The task:
Your answer is to be every line of the material that includes the string "hence".
[Start of Attachment]
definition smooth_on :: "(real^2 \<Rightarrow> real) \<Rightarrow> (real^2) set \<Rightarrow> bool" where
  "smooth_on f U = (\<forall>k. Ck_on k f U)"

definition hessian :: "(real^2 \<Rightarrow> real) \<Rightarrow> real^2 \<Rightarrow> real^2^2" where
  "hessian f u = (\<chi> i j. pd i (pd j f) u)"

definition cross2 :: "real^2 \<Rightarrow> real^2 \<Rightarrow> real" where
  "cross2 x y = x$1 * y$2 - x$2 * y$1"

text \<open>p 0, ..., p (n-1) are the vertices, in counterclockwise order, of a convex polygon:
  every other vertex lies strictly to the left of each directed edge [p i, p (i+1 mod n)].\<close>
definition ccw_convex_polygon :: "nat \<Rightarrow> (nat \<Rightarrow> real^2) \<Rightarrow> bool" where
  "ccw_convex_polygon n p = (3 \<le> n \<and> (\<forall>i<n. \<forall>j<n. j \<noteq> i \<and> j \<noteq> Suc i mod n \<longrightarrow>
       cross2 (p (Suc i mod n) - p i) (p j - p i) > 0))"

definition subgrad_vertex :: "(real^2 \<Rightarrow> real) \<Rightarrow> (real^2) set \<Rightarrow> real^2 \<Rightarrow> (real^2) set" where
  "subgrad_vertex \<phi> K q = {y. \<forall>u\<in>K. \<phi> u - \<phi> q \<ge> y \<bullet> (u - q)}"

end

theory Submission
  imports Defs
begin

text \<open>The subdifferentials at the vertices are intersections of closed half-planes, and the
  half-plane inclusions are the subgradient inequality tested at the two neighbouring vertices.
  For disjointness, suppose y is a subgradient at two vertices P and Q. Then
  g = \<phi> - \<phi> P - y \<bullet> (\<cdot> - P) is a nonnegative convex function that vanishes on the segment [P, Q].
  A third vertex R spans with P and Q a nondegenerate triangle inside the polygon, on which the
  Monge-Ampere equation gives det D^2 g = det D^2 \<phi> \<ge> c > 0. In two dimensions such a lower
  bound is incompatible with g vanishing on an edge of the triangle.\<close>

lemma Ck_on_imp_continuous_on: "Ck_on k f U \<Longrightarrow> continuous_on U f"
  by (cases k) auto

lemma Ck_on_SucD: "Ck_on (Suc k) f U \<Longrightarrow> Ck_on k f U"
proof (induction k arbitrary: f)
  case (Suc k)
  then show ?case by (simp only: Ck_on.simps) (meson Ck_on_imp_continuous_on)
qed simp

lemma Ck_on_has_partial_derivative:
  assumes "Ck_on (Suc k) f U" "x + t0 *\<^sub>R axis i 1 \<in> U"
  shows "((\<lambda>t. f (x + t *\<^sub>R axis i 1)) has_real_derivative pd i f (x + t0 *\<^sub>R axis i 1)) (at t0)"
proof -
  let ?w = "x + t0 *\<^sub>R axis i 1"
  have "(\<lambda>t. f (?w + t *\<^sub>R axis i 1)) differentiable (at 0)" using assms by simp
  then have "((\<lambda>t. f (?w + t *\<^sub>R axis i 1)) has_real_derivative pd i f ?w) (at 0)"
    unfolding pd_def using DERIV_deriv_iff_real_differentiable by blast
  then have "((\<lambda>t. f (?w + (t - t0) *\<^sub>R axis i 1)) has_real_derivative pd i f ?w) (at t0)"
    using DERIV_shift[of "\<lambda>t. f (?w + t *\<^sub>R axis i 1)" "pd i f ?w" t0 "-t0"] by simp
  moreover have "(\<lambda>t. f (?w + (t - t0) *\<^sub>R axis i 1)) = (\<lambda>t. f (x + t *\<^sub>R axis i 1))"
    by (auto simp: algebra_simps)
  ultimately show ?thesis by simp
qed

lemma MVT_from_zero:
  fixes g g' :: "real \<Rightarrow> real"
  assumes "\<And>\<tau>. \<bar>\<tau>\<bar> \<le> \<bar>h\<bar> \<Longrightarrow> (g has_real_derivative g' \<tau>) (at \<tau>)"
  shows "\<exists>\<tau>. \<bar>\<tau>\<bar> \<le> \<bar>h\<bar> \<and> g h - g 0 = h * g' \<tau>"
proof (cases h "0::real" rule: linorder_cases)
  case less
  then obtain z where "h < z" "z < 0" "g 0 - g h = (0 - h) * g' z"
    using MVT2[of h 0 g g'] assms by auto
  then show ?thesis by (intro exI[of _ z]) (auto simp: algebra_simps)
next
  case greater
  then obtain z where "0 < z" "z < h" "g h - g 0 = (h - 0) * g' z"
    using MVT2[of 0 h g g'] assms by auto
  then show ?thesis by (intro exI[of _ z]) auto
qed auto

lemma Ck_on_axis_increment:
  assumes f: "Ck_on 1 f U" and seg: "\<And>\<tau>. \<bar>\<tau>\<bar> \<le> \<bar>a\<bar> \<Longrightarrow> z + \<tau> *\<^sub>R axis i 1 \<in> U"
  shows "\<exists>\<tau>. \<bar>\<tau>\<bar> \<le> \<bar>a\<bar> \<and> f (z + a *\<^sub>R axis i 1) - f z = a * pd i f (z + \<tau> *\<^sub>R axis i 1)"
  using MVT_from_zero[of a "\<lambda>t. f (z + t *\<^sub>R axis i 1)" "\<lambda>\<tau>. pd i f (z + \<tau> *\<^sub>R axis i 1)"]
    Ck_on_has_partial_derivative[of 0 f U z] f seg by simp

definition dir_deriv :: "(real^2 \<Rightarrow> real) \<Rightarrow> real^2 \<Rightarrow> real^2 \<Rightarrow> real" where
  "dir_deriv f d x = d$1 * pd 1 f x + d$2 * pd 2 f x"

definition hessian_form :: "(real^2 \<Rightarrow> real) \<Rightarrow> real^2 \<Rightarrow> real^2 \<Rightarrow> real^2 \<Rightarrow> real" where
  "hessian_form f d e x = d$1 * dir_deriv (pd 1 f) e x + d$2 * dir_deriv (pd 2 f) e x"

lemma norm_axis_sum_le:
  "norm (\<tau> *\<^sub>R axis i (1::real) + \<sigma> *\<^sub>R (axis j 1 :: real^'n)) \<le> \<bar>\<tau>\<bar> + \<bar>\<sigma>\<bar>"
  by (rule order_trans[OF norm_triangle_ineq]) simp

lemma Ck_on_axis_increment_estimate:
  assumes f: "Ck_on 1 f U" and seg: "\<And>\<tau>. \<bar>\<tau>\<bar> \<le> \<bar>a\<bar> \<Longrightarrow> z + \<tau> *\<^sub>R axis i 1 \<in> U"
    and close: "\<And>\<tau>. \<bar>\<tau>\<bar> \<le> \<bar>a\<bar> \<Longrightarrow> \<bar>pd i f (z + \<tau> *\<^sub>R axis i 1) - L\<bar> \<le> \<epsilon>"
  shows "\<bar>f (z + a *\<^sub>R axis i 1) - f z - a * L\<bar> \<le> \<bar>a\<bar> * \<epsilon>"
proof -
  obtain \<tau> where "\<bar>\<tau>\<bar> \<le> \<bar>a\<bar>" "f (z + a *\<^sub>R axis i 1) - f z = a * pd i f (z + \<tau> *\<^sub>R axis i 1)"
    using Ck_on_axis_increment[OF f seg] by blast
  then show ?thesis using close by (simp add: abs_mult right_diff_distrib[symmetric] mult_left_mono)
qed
[End of Attachment]
[Start of Attachment]
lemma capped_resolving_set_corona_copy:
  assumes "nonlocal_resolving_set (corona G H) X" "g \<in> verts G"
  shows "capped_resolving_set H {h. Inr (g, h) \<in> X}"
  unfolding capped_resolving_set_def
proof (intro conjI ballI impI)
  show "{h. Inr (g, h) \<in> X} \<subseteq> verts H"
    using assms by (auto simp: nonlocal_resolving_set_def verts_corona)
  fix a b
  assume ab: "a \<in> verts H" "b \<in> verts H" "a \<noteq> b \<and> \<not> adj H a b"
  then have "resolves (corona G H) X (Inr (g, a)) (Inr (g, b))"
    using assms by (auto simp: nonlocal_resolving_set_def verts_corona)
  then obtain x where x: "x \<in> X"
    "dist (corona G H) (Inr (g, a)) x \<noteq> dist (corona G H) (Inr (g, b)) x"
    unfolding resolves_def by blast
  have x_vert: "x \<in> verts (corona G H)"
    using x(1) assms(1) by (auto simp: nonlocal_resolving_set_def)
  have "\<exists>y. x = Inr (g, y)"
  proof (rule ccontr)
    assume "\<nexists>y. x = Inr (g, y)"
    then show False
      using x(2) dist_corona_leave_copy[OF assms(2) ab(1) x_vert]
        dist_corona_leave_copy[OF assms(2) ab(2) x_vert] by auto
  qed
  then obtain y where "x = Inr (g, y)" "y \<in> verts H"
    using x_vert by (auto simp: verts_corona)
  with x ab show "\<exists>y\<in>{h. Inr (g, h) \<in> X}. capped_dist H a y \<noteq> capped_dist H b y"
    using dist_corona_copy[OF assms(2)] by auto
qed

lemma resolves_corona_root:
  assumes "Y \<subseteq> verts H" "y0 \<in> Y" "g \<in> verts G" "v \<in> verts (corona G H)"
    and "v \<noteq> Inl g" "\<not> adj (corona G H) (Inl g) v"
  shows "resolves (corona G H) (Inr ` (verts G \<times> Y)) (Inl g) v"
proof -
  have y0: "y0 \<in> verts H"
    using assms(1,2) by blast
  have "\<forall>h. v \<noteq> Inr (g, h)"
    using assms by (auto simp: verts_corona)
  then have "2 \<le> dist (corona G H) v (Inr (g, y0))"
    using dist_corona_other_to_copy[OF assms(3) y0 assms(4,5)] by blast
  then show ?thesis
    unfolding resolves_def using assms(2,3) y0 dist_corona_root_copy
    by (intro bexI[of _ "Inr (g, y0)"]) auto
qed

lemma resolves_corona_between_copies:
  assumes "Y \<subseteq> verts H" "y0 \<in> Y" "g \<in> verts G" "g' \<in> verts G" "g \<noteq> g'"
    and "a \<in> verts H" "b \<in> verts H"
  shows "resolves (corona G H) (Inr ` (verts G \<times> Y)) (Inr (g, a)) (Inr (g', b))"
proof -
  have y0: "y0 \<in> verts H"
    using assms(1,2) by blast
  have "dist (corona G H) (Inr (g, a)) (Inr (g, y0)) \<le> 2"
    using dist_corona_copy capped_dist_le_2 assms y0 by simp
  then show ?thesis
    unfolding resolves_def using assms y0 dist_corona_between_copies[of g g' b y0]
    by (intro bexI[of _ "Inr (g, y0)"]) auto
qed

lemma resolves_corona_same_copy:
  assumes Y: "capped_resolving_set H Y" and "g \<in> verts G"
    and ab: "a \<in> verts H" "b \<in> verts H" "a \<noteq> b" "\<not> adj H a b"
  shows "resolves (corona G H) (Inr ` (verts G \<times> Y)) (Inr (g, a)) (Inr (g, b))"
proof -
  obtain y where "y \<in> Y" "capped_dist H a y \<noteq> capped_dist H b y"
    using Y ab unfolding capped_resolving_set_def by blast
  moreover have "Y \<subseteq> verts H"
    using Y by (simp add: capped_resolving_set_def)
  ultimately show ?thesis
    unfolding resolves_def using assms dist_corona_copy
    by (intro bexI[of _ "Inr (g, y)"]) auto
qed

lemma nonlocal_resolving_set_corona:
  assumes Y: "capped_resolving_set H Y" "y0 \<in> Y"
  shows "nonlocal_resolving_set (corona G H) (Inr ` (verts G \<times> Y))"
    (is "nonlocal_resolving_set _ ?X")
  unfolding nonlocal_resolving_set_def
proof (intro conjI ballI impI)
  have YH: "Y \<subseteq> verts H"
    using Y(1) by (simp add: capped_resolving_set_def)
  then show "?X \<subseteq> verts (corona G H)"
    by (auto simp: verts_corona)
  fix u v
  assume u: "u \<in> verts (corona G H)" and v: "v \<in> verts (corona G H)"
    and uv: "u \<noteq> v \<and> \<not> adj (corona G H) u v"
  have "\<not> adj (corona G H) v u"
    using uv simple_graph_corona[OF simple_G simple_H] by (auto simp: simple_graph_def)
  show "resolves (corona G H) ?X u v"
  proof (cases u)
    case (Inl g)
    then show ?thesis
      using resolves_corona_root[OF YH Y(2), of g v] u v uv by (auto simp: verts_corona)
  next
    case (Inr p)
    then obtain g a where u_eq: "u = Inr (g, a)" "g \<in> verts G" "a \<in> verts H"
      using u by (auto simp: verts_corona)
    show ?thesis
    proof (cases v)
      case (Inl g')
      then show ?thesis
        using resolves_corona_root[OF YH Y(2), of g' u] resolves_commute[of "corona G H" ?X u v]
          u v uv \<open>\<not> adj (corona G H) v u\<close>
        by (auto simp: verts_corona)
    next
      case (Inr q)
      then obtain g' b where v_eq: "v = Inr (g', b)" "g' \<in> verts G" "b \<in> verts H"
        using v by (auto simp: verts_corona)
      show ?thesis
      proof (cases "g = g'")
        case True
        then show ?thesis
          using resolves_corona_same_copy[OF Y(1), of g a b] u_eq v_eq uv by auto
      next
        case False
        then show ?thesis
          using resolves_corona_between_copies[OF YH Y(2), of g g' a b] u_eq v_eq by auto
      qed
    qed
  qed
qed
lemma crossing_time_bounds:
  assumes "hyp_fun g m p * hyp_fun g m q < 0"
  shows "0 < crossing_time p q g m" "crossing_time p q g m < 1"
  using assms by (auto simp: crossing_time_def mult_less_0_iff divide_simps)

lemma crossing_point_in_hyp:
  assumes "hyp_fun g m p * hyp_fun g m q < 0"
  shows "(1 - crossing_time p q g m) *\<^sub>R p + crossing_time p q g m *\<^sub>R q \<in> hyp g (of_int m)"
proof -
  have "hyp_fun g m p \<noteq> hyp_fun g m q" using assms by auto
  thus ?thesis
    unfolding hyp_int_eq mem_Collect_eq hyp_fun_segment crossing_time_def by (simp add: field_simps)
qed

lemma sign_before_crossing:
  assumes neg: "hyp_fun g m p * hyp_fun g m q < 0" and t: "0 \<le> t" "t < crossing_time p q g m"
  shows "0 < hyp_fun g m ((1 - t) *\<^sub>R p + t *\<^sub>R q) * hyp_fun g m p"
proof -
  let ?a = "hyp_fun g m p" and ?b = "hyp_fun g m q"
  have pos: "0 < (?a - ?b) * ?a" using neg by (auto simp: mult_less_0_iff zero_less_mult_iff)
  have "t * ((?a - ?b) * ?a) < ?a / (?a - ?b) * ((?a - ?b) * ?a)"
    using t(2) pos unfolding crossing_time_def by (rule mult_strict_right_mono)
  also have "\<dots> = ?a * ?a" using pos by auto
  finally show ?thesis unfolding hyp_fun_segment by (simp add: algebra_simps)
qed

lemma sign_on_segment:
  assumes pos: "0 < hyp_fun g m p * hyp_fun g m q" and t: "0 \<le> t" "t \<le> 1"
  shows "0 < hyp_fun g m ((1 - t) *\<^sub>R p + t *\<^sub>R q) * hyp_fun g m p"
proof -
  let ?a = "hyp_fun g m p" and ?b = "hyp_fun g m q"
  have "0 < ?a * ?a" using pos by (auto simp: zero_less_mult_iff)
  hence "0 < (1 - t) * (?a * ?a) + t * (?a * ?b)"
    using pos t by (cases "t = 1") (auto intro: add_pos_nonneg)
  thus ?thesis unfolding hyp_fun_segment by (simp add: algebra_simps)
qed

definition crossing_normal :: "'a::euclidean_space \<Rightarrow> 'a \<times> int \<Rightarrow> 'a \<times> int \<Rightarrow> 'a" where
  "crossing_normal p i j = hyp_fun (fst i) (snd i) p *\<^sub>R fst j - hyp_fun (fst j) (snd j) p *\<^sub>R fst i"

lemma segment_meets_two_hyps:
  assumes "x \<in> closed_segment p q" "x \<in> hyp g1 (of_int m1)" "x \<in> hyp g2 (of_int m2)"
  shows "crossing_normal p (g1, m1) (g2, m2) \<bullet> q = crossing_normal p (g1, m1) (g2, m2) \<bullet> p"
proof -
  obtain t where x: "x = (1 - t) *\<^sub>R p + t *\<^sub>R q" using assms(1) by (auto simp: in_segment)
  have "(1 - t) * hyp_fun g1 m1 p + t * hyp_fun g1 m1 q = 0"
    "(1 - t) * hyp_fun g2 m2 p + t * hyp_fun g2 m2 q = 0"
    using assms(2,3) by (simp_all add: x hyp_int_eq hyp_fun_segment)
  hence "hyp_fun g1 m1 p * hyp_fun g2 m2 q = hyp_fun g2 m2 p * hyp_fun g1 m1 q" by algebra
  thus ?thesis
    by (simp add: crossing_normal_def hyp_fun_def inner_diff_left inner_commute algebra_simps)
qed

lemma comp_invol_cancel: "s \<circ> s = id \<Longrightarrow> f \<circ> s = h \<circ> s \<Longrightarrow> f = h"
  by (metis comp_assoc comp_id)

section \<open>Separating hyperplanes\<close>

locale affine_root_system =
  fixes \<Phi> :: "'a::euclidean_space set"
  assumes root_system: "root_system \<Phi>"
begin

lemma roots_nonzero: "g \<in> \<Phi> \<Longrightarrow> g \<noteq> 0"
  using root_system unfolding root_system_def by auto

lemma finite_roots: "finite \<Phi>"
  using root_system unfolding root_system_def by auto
[End of Attachment]
Output for this exercise:
  hence "0 < (1 - t) * (?a * ?a) + t * (?a * ?b)"
  hence "hyp_fun g1 m1 p * hyp_fun g2 m2 q = hyp_fun g2 m2 p * hyp_fun g1 m1 q" by algebra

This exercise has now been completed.